Я не уверена, поэтому рассказываю ту часть истории, за которую цепляюсь и которую всегда хорошо помнила.
– Я была на стремянке, когда широкие ладони обхватили меня за талию. Он так легко поднял меня… и мы оба полетели на землю. Я упала прямо на него и увидела, как стремянку поглотил огонь, когда обвалилась стена дома. – Теперь могу свободно вздохнуть, рассказывая о единственном моменте спасения в этой безжалостной трагедии. – Только благодаря ему я жива. Он не был пожарным. Обычный человек в простой одежде. Наверное, снимал домик по соседству.
Я не рассказываю Крису о том, как лицо этого человека запечатлелось в моей памяти. Небольшой шрам над бровью, седина на висках и острый подбородок, который добавлял облику этого человека мужественности. И как мужчина поднял меня и побежал со мной на руках, унося подальше от ада. О том, как я не сводила с него глаз, продолжая кашлять и хватать ртом воздух, пока он нес меня к машине «Скорой помощи». И как остановил мои попытки бороться с медиками, когда я обезумела от желания узнать, был ли Джеймс мертв или жив. Он помог мне успокоиться, велел дышать в кислородную маску и сказал, что Джеймса уже везут в больницу. Что я увижу его там.

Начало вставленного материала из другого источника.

(* Let $W$ be an irreducible Coxeter group with generators $s_1,\dots,s_n$ and relations $s_i^2=e$, $(s_is_j)^{m_{ij}}=e$ ($m_{ij}\in\{2,3,\dots\}\cup\{\infty\}$). The following are equivalent: (a) $W$ is finite; (b) there exists an admissible E-GCM graph whose associated Coxeter group is $W$; (c) every E-GCM graph whose associated Coxeter group is $W$ is admissible.
   Context: An E-GCM is a real $n\times n$ matrix $M=(M_{ij})$ with $M_{ii}=2$, $M_{ij}\le 0$ ($i\ne j$), $M_{ij}\ne0\iff M_{ji}\ne0$, and nonzero $M_{ij}M_{ji}$ either $\ge 4$ or $=4\cos^2(\pi/m)$ for an integer $m\ge3$. Its E-GCM graph $(\Gamma,M)$ has nodes $\gamma_i$, adjacent iff $M_{ij}\ne0$. Its associated Coxeter group $W(\Gamma,M)$ has generators $s_i$ and relations $s_i^2=e$, $(s_is_j)^{m_{ij}}=e$ with $m_{ij}=k$ if $M_{ij}M_{ji}=4\cos^2(\pi/k)$ ($k\ge2$ integer) and $m_{ij}=\infty$ if $M_{ij}M_{ji}\ge 4$; "associated Coxeter group is $W$" means these $m_{ij}$ coincide with those of $W$ (after identifying nodes with generators). $W$ irreducible means the graph on $\{1,\dots,n\}$ with $i\sim j$ iff $m_{ij}\ge3$ is connected (equivalently $\Gamma$ is connected). Numbers game: positions $\lambda\in\mathbb{R}^n$; firing $\gamma_i$ (allowed iff $\lambda_i>0$) replaces each $\lambda_j$ by $\lambda_j-M_{ij}\lambda_i$; a game repeatedly fires nodes with positive population while any exist; a game sequence is convergent if finite. A connected E-GCM graph is admissible if some nonzero position with all $\lambda_i\ge0$ has a convergent game sequence. *)

theory Defs
  imports Complex_Main "HOL-Library.Extended_Nat"
begin

definition coxeter_matrix :: "nat \<Rightarrow> (nat \<Rightarrow> nat \<Rightarrow> enat) \<Rightarrow> bool" where
  "coxeter_matrix n m \<longleftrightarrow>
     (\<forall>i<n. \<forall>j<n. i \<noteq> j \<longrightarrow> m i j = m j i \<and> m i j \<ge> 2)"

definition cox_adj :: "nat \<Rightarrow> (nat \<Rightarrow> nat \<Rightarrow> enat) \<Rightarrow> nat \<Rightarrow> nat \<Rightarrow> bool" where
  "cox_adj n m i j \<longleftrightarrow> i < n \<and> j < n \<and> i \<noteq> j \<and> m i j \<ge> 3"

definition coxeter_irreducible :: "nat \<Rightarrow> (nat \<Rightarrow> nat \<Rightarrow> enat) \<Rightarrow> bool" where
  "coxeter_irreducible n m \<longleftrightarrow> n \<ge> 1 \<and> (\<forall>i<n. \<forall>j<n. (cox_adj n m)\<^sup>*\<^sup>* i j)"

text \<open>Since all generators are involutions, words without inverses suffice.\<close>

definition relators :: "nat \<Rightarrow> (nat \<Rightarrow> nat \<Rightarrow> enat) \<Rightarrow> nat list set" where
  "relators n m = {[i, i] | i. i < n} \<union>
     {concat (replicate k [i, j]) | i j k. i < n \<and> j < n \<and> i \<noteq> j \<and> m i j = enat k}"

definition cox_step :: "nat \<Rightarrow> (nat \<Rightarrow> nat \<Rightarrow> enat) \<Rightarrow> (nat list \<times> nat list) set" where
  "cox_step n m = {(u @ r @ v, u @ v) | u r v.
      r \<in> relators n m \<and> set u \<subseteq> {..<n} \<and> set v \<subseteq> {..<n}}"

definition cox_rel :: "nat \<Rightarrow> (nat \<Rightarrow> nat \<Rightarrow> enat) \<Rightarrow> (nat list \<times> nat list) set" where
  "cox_rel n m = (cox_step n m \<union> (cox_step n m)\<inverse>)\<^sup>*"

definition coxeter_group :: "nat \<Rightarrow> (nat \<Rightarrow> nat \<Rightarrow> enat) \<Rightarrow> nat list set set" where
  "coxeter_group n m = lists {..<n} // cox_rel n m"

definition egcm :: "nat \<Rightarrow> (nat \<Rightarrow> nat \<Rightarrow> real) \<Rightarrow> bool" where
  "egcm n M \<longleftrightarrow>
     (\<forall>i<n. M i i = 2) \<and>
     (\<forall>i<n. \<forall>j<n. i \<noteq> j \<longrightarrow>
        M i j \<le> 0 \<and> (M i j \<noteq> 0 \<longleftrightarrow> M j i \<noteq> 0) \<and>
        (M i j * M j i \<noteq> 0 \<longrightarrow>
           M i j * M j i \<ge> 4 \<or> (\<exists>k::nat. k \<ge> 3 \<and> M i j * M j i = 4 * (cos (pi / k))\<^sup>2)))"

definition egcm_assoc :: "nat \<Rightarrow> (nat \<Rightarrow> nat \<Rightarrow> real) \<Rightarrow> (nat \<Rightarrow> nat \<Rightarrow> enat) \<Rightarrow> bool" where
  "egcm_assoc n M m \<longleftrightarrow>
     (\<forall>i<n. \<forall>j<n. i \<noteq> j \<longrightarrow>
        (m i j = \<infinity> \<longleftrightarrow> M i j * M j i \<ge> 4) \<and>
        (\<forall>k::nat. m i j = enat k \<longrightarrow> k \<ge> 2 \<and> M i j * M j i = 4 * (cos (pi / k))\<^sup>2))"

definition egcm_adj :: "nat \<Rightarrow> (nat \<Rightarrow> nat \<Rightarrow> real) \<Rightarrow> nat \<Rightarrow> nat \<Rightarrow> bool" where
  "egcm_adj n M i j \<longleftrightarrow> i < n \<and> j < n \<and> i \<noteq> j \<and> M i j \<noteq> 0"

definition egcm_connected :: "nat \<Rightarrow> (nat \<Rightarrow> nat \<Rightarrow> real) \<Rightarrow> bool" where
  "egcm_connected n M \<longleftrightarrow> n \<ge> 1 \<and> (\<forall>i<n. \<forall>j<n. (egcm_adj n M)\<^sup>*\<^sup>* i j)"

text \<open>Numbers game. Positions are functions nat \<Rightarrow> real (only indices < n matter).\<close>

definition fire :: "(nat \<Rightarrow> nat \<Rightarrow> real) \<Rightarrow> nat \<Rightarrow> (nat \<Rightarrow> real) \<Rightarrow> (nat \<Rightarrow> real)" where
  "fire M i lam = (\<lambda>j. lam j - M i j * lam i)"

fun legal_play :: "nat \<Rightarrow> (nat \<Rightarrow> nat \<Rightarrow> real) \<Rightarrow> (nat \<Rightarrow> real) \<Rightarrow> nat list \<Rightarrow> bool" where
  "legal_play n M lam [] = True"
| "legal_play n M lam (i # is) = (i < n \<and> lam i > 0 \<and> legal_play n M (fire M i lam) is)"

fun play :: "(nat \<Rightarrow> nat \<Rightarrow> real) \<Rightarrow> (nat \<Rightarrow> real) \<Rightarrow> nat list \<Rightarrow> (nat \<Rightarrow> real)" where
  "play M lam [] = lam"
| "play M lam (i # is) = play M (fire M i lam) is"

definition convergent_game :: "nat \<Rightarrow> (nat \<Rightarrow> nat \<Rightarrow> real) \<Rightarrow> (nat \<Rightarrow> real) \<Rightarrow> nat list \<Rightarrow> bool" where
  "convergent_game n M lam is \<longleftrightarrow>
     legal_play n M lam is \<and> (\<forall>i<n. play M lam is i \<le> 0)"

definition admissible :: "nat \<Rightarrow> (nat \<Rightarrow> nat \<Rightarrow> real) \<Rightarrow> bool" where
  "admissible n M \<longleftrightarrow> egcm_connected n M \<and>
     (\<exists>lam. (\<forall>i<n. lam i \<ge> 0) \<and> (\<exists>i<n. lam i \<noteq> 0) \<and> (\<exists>is. convergent_game n M lam is))"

Эти подробности я оставляю при себе.
– Кто-то пришел помочь мне, – говорю я. – Я была не одна. Даже посреди неразберихи с воем сирен и криков я легко услышала голос своего спасителя. Он сказал мне: «Ты в безопасности, солнышко». Повторял это снова и снова. «Ты в безопасности, ты в безопасности, ты в безопасности, солнышко». Двадцать раз он произнес это. Я посчитала. Наконец-то я больше была не одна. Ирония в том, что с той ночи я стала еще более одинокой, чем вообще могла себе представить. Все покинули меня. Все мои друзья, все друзья родителей, никто не знал, что делать или как вести себя со мной, поэтому они ушли. Но я никогда не хотела умирать. Ни в ту ночь, ни после. Тот мужчина, герой, спас меня.
Крис гладит меня по плечам и рукам. Потом приподнимает пальцем мой подбородок и заставляет посмотреть на него.

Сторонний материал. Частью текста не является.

lemma tendsto_matrix_inv:
  fixes F :: "'a \<Rightarrow> complex^'n^'n"
  assumes "(F \<longlongrightarrow> A) net" "\<And>s. invertible (F s)" "invertible A"
  shows "((\<lambda>s. matrix_inv (F s)) \<longlongrightarrow> matrix_inv A) net"
proof -
  have "det A \<noteq> 0" using assms(3) invertible_det_nz by blast
  with assms(1) show ?thesis
    unfolding matrix_inv_cramer[OF assms(2)] matrix_inv_cramer[OF assms(3)]
    by (intro tendsto_vec_lambda tendsto_divide tendsto_det) (auto intro: tendsto_vec_nth)
qed

lemma has_vector_derivative_slope:
  fixes f R :: "real \<Rightarrow> 'b::real_normed_vector"
  assumes slope: "\<And>y. f y = f t + (y - t) *\<^sub>R R y" and cont: "isCont R t"
  shows "(f has_vector_derivative R t) (at t)"
  unfolding has_vector_derivative_def has_derivative_iff_norm
proof
  have "((\<lambda>y. norm (R y - R t)) \<longlongrightarrow> 0) (at t)"
    using cont unfolding isCont_def by (simp add: tendsto_norm_zero_iff LIM_zero)
  moreover have "\<forall>\<^sub>F y in at t. norm (R y - R t) = norm (f y - f t - (y - t) *\<^sub>R R t) / norm (y - t)"
  proof (unfold eventually_at_filter, rule eventuallyI, intro impI)
    fix y assume "y \<noteq> t"
    have "f y - f t - (y - t) *\<^sub>R R t = (y - t) *\<^sub>R (R y - R t)"
      using slope[of y] by (simp add: algebra_simps)
    with \<open>y \<noteq> t\<close> show "norm (R y - R t) = norm (f y - f t - (y - t) *\<^sub>R R t) / norm (y - t)"
      by simp
  qed
  ultimately show "((\<lambda>y. norm (f y - f t - (y - t) *\<^sub>R R t) / norm (y - t)) \<longlongrightarrow> 0) (at t)"
    by (rule Lim_transform_eventually)
qed (rule bounded_linear_scaleR_left)

lemma isCont_slope:
  fixes f :: "real \<Rightarrow> 'b::real_normed_vector"
  assumes "(f has_vector_derivative f') (at t)"
  shows "isCont (\<lambda>y. if y = t then f' else (1 / (y - t)) *\<^sub>R (f y - f t)) t"
proof -
  let ?R = "\<lambda>y. if y = t then f' else (1 / (y - t)) *\<^sub>R (f y - f t)"
  have "((\<lambda>y. norm (f y - f t - (y - t) *\<^sub>R f') / norm (y - t)) \<longlongrightarrow> 0) (at t)"
    using assms unfolding has_vector_derivative_def has_derivative_iff_norm by simp
  moreover have "\<forall>\<^sub>F y in at t. norm (f y - f t - (y - t) *\<^sub>R f') / norm (y - t) = norm (?R y - f')"
  proof (unfold eventually_at_filter, rule eventuallyI, intro impI)
    fix y assume "y \<noteq> t"
    then have "f y - f t - (y - t) *\<^sub>R f' = (y - t) *\<^sub>R (?R y - f')"
      by (simp add: algebra_simps)
    then show "norm (f y - f t - (y - t) *\<^sub>R f') / norm (y - t) = norm (?R y - f')"
      using \<open>y \<noteq> t\<close> by simp
  qed
  ultimately have "((\<lambda>y. norm (?R y - f')) \<longlongrightarrow> 0) (at t)"
    by (rule Lim_transform_eventually)
  then show ?thesis
    unfolding isCont_def by (simp add: tendsto_norm_zero_iff LIM_zero_iff)
qed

– Значит, он спас и меня тоже.
На мгновение он касается моих губ. Я встаю на носочки и обвиваю его шею руками, удивляясь, что мне хватает сил так крепко обнимать его. Не знаю, как отблагодарить его за то, что он только что для меня сделал, позволил выговориться, и поэтому просто обнимаю его.

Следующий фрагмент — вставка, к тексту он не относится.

definition coeff :: "nat \<Rightarrow> vec \<Rightarrow> nat \<Rightarrow> real" where
  "coeff n b i = (THE c. (\<forall>k. k \<notin> {1..n} \<longrightarrow> c k = 0) \<and>
                        b = (\<Sum>k\<in>{1..n}. smul (c k) (alpha n k))) i"

definition is_compat_degree :: "nat \<Rightarrow> (vec \<Rightarrow> vec \<Rightarrow> int) \<Rightarrow> bool" where
  "is_compat_degree n f \<longleftrightarrow>
     (\<forall>a\<in>almost_pos n. \<forall>b\<in>almost_pos n. f (tau n a) (tau n b) = f a b)
   \<and> (\<forall>i\<in>{1..n}. \<forall>j\<in>{1..n}. f (- alpha n i) (- alpha n j) = 0)
   \<and> (\<forall>i\<in>{1..n}. \<forall>b\<in>pos_roots n. real_of_int (f (- alpha n i) b) = coeff n b i)"

definition compat_degree :: "nat \<Rightarrow> vec \<Rightarrow> vec \<Rightarrow> int" where
  "compat_degree n = (THE f. is_compat_degree n f \<and>
     (\<forall>a b. \<not> (a \<in> almost_pos n \<and> b \<in> almost_pos n) \<longrightarrow> f a b = 0))"

definition compatible :: "nat \<Rightarrow> vec \<Rightarrow> vec \<Rightarrow> bool" where
  "compatible n a b \<longleftrightarrow> compat_degree n a b = 0"

definition entry :: "nat \<Rightarrow> nat \<Rightarrow> nat \<Rightarrow> vec" where
  "entry n i j =
    (if i = 1 then - alpha n (j - 1)
     else if i < j then eps (i - 1) - eps (j - 1)
     else eps j + eps (i - 1))"

end

(*
  The map tau permutes the array: it sends the entry in position (i, j) to the entry in position
  (i + 1, j + 1), indices taken cyclically in {1..n+1}, and the negative simple roots form exactly
  row 1.  So every tau-orbit meets row 1 once per period n + 1, and a tau-invariant function is
  determined by its values with first argument in row 1.  This gives existence and uniqueness of
  the compatibility degree, and shows that (entry i j || entry k l) is the coefficient of
  alpha_(j'-1) in entry k' l', where the primes denote the rotation taking i to 1.  Two entries of
  one row both rotate into row 1, so their degree is 0.  For two entries of column i, rotating the
  first into row 1 leaves the second in column i', and every root in column i' has coefficient 0
  on alpha_(i'-1).
*)
theory Submission
  imports Defs
begin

Думаю, он знает, что это для меня значит.
– Ты была очень храброй, – говорит Крис. – И тогда, и сегодня. И ты в безопасности, солнышко.
Глава 15
Мнимая сила Черной Пятницы
Моя комната в общежитии совершенно тихая, когда я проскальзываю обратно после душа. Сабин распластался на животе по моему матрасу, раскинув руки в стороны. Эстель, Зак и Эрик все еще спят. Я до сих пор нервничаю после душа и радуюсь тишине, но также хочу насладиться абсолютным облегчением после того, как очистилась от этой истории с пожаром. Позже я обдумаю каждую деталь, но сейчас мне хочется бежать, слишком много страха я сегодня натерпелась.
Я устраиваюсь рядом с Сабином, и когда он громко зевает, зажимаю ему рот рукой.
– Ш-ш-ш!
– Который час? – шепчет он.
Я наклоняюсь к его уху.
– Еще рано. – Он начинает храпеть, и мне приходится подавить смешок. – Сабин, Сабин, Сабин! – Я хлопаю его по плечу.
Он слегка приподнимается.
– Что такое, малышка?
– Сегодня Черная пятница.
– Ох.
– Хочешь пойти и купить неоправданно большой телевизор?
– Именно.
Он перекатывается на спину, поманив меня пальцем, и я залезаю ему на живот. Сабин протирает глаза и моргает.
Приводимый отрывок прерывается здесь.